Provided records:
○ ○ ○ ○ ○ ○ ○
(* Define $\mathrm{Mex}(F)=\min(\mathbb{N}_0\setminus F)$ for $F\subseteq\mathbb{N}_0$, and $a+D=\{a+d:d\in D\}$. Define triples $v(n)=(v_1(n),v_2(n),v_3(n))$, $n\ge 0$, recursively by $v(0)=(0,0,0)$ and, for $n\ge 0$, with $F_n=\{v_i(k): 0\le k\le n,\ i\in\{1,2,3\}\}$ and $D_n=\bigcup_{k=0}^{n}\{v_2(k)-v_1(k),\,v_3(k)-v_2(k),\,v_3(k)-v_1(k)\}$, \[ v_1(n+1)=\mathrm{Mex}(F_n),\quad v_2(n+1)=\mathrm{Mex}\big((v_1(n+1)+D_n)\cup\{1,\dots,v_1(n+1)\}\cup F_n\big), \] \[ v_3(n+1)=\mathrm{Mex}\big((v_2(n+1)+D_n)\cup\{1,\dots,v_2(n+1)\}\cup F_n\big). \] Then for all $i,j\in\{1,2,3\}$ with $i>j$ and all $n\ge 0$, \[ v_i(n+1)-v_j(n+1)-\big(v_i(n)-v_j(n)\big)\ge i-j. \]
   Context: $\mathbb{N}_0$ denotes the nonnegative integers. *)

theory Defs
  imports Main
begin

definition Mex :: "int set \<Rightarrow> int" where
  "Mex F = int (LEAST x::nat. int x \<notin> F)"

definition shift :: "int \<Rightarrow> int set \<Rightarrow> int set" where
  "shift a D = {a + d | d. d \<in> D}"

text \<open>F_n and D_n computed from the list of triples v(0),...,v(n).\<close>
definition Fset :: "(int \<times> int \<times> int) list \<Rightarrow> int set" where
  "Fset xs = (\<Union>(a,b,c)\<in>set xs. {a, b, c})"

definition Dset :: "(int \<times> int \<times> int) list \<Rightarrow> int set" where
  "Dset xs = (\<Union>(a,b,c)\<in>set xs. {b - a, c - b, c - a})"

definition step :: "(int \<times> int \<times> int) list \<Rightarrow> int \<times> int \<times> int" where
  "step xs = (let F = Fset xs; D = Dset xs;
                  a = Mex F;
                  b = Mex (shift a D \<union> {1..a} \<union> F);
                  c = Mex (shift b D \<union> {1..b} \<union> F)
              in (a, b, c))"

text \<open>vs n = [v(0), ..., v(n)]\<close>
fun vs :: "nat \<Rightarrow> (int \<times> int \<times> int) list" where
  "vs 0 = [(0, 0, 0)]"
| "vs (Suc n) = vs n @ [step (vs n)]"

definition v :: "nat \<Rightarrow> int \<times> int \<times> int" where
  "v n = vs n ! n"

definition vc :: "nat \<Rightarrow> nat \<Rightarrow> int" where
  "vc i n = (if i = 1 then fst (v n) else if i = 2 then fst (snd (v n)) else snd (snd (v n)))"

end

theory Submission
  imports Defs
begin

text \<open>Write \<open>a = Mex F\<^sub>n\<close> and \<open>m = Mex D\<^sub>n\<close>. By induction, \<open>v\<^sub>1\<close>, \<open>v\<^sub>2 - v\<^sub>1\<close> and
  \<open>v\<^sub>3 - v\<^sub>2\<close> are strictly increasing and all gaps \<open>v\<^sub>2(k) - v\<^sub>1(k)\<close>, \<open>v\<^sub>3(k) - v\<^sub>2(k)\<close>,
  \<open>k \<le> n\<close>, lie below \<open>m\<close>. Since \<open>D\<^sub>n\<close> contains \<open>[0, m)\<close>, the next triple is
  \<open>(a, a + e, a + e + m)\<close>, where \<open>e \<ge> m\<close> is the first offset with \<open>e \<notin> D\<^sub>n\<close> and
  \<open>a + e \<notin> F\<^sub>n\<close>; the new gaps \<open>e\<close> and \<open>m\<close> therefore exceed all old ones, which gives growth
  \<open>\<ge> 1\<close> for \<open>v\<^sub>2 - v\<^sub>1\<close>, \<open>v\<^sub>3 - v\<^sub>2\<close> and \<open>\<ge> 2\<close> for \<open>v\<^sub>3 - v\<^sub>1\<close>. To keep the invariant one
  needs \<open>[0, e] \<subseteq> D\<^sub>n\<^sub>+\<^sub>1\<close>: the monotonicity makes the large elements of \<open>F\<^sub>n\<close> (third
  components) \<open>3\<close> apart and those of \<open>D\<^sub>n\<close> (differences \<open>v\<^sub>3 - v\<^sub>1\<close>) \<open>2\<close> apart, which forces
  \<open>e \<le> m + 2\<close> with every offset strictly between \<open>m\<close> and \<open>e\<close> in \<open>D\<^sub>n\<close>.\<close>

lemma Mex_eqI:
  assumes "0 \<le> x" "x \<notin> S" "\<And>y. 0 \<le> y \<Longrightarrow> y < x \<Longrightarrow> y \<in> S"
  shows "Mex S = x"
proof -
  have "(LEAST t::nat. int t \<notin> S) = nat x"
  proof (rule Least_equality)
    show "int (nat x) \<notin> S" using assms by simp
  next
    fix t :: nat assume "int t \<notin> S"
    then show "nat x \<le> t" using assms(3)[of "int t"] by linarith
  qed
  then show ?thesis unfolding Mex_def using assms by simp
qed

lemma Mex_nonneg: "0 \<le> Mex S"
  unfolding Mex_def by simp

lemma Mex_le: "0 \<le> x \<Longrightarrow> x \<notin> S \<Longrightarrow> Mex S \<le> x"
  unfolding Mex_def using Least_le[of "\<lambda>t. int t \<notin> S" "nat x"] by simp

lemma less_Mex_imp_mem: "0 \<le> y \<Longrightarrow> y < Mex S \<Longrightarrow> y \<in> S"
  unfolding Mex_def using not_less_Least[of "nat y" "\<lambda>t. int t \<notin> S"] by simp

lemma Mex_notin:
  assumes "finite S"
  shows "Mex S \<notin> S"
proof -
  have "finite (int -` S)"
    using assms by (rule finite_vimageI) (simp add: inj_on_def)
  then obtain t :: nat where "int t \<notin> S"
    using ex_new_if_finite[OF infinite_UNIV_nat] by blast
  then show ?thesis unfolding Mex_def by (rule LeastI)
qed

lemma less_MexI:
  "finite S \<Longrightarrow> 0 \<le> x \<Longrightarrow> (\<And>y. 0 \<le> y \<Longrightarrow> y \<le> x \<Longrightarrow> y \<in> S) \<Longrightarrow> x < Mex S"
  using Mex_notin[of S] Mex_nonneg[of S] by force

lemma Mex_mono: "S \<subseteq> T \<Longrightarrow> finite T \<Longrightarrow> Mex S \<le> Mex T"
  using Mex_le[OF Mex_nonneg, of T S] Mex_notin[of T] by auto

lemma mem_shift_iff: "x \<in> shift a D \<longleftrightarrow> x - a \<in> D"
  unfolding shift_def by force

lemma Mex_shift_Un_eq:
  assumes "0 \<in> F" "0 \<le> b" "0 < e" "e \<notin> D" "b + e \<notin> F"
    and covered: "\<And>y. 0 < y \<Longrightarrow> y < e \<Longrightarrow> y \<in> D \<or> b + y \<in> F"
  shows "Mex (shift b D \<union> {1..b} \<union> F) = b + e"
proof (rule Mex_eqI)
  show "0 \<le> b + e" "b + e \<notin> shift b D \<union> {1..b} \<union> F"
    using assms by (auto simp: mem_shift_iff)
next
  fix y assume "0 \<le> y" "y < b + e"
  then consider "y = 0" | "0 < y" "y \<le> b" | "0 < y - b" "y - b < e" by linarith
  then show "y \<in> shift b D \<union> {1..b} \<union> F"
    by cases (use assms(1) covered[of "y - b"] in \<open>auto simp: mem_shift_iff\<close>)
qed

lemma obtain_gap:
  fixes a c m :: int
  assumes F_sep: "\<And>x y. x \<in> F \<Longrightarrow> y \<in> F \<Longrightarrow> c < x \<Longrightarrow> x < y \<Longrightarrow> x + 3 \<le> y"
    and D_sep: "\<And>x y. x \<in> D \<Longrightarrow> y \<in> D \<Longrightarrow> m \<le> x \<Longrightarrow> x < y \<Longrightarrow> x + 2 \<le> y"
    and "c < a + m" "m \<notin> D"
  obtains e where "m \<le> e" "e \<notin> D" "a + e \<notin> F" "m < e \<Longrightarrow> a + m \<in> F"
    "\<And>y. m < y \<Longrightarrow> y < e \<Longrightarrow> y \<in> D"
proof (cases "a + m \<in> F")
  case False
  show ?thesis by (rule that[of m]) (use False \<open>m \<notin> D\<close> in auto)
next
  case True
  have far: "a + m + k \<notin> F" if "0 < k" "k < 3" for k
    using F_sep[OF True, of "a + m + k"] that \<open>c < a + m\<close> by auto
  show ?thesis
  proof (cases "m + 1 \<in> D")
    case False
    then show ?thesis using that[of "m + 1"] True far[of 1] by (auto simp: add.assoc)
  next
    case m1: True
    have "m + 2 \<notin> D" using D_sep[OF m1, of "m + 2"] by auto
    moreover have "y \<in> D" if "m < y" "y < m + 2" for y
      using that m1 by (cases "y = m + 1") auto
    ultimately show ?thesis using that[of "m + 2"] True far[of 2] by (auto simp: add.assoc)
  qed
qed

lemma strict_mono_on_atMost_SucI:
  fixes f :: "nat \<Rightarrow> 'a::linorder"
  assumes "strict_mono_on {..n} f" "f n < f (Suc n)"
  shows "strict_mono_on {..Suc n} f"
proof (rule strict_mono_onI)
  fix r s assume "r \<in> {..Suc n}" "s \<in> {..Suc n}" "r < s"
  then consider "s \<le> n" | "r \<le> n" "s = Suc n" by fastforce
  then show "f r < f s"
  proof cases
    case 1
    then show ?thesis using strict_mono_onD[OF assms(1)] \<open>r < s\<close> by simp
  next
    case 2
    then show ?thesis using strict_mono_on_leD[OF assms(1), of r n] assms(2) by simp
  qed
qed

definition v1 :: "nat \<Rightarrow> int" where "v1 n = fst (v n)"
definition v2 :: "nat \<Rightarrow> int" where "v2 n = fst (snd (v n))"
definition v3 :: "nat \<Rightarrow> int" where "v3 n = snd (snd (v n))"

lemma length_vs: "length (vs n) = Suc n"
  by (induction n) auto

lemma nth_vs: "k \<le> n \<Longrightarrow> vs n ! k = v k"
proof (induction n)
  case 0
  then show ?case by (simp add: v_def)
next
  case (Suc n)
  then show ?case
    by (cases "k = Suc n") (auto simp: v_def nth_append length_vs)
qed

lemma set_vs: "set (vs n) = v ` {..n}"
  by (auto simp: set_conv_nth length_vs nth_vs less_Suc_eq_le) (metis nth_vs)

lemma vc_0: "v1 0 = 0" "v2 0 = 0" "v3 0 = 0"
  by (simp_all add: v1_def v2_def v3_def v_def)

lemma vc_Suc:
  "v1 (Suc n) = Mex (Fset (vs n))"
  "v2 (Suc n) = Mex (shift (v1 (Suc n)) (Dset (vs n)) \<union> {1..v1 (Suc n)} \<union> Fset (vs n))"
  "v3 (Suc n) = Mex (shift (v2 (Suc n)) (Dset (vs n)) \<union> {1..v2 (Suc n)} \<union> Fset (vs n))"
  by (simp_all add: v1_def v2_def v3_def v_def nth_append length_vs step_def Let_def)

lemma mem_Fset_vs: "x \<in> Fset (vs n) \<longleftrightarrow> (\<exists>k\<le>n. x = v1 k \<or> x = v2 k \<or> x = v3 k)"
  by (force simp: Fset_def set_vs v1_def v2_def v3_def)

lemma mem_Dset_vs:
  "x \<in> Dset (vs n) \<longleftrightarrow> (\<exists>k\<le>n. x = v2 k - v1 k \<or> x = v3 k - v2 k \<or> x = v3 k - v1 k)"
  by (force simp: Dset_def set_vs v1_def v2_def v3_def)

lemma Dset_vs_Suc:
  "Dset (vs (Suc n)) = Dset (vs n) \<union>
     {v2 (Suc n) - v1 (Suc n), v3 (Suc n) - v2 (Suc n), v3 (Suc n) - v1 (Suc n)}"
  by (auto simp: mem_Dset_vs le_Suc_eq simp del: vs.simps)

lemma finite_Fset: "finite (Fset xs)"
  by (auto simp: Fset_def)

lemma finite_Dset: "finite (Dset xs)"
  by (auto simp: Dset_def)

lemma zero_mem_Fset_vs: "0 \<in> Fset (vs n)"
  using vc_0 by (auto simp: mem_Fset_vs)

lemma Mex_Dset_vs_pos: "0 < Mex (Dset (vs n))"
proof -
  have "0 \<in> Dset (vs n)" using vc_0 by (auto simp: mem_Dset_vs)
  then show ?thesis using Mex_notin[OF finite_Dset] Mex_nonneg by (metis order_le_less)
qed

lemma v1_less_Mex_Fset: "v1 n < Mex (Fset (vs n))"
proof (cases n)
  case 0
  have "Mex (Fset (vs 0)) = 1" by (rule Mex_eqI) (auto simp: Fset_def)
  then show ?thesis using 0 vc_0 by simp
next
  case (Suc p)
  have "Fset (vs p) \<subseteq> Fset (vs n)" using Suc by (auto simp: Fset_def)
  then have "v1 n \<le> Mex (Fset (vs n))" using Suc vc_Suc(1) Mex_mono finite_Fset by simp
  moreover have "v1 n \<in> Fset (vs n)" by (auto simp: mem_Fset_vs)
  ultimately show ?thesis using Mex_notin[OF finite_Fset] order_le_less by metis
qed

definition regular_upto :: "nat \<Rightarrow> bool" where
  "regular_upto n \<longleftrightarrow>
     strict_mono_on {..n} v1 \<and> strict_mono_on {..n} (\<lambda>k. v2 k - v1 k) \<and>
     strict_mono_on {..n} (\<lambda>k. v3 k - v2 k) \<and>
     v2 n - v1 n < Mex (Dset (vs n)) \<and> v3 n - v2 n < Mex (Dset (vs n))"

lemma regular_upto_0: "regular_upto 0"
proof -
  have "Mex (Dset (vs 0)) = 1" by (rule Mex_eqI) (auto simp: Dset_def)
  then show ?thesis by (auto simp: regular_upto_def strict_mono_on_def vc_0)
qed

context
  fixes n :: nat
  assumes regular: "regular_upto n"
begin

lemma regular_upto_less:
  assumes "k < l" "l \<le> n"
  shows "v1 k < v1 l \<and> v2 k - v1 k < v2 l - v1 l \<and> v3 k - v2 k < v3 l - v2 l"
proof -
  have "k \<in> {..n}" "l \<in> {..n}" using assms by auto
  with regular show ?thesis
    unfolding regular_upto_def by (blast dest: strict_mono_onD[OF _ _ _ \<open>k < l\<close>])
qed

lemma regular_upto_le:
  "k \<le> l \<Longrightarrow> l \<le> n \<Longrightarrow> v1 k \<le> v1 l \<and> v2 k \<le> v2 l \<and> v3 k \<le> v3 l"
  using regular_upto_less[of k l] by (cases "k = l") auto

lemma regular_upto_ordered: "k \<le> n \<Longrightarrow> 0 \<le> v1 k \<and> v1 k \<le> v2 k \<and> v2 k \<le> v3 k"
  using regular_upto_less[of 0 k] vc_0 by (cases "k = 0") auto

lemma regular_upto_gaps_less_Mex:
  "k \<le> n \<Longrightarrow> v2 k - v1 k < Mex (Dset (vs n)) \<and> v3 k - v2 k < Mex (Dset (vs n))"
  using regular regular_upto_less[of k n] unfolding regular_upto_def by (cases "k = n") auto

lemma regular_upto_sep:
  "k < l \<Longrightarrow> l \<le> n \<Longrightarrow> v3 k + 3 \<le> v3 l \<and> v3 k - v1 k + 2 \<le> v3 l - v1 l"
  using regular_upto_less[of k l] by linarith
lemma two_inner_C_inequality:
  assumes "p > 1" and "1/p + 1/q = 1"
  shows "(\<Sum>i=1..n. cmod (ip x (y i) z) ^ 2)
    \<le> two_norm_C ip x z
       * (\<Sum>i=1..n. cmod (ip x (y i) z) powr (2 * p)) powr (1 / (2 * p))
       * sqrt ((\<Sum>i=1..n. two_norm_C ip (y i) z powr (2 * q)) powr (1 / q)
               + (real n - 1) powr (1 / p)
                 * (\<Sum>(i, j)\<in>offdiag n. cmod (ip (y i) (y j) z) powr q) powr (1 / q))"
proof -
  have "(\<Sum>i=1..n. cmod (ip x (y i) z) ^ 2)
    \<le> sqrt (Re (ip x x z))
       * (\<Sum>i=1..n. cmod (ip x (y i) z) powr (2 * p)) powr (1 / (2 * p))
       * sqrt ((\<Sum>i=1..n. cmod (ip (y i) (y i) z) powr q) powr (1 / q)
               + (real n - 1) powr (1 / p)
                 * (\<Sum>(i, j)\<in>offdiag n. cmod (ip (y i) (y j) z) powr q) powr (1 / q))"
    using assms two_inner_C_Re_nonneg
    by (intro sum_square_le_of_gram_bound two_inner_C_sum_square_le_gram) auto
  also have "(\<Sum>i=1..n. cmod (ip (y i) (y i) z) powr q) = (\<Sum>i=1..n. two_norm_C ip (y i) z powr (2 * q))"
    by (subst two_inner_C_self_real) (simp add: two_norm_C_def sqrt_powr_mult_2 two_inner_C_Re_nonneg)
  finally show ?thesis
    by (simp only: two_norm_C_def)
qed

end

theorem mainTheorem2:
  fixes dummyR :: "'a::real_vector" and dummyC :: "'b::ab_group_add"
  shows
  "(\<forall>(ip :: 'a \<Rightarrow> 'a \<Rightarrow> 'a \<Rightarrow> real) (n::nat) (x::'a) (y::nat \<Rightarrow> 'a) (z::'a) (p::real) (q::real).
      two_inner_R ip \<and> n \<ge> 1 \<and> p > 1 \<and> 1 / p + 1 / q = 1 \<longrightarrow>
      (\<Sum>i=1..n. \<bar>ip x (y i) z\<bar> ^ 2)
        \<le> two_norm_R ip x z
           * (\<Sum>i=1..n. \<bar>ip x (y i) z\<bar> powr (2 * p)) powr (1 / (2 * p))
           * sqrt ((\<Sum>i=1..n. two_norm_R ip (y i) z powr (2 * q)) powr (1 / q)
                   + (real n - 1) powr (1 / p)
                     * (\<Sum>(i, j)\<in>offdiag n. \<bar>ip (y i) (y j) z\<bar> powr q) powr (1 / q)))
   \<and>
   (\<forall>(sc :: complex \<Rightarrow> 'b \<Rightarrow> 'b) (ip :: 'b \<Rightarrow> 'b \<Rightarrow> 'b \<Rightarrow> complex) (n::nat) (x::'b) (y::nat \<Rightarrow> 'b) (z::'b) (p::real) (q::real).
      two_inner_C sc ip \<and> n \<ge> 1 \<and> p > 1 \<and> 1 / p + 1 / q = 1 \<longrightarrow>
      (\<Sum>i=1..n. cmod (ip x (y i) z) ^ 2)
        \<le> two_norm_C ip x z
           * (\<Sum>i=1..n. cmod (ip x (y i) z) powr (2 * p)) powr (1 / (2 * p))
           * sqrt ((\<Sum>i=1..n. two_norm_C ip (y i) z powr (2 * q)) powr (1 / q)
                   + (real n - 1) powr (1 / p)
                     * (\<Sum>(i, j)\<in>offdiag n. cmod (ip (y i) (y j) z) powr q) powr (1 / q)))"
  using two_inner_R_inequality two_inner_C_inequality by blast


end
○ ○ ○ ○ ○ ○ ○
About this task:
Please output exactly the lines between the one holding "then show ?thesis using 0 vc_0 by simp" and the one holding "n \<in> Fset" in the records above, inclusive, and nothing more.

Result below:
  then show ?thesis using 0 vc_0 by simp
next
  case (Suc p)
  have "Fset (vs p) \<subseteq> Fset (vs n)" using Suc by (auto simp: Fset_def)
  then have "v1 n \<le> Mex (Fset (vs n))" using Suc vc_Suc(1) Mex_mono finite_Fset by simp
  moreover have "v1 n \<in> Fset (vs n)" by (auto simp: mem_Fset_vs)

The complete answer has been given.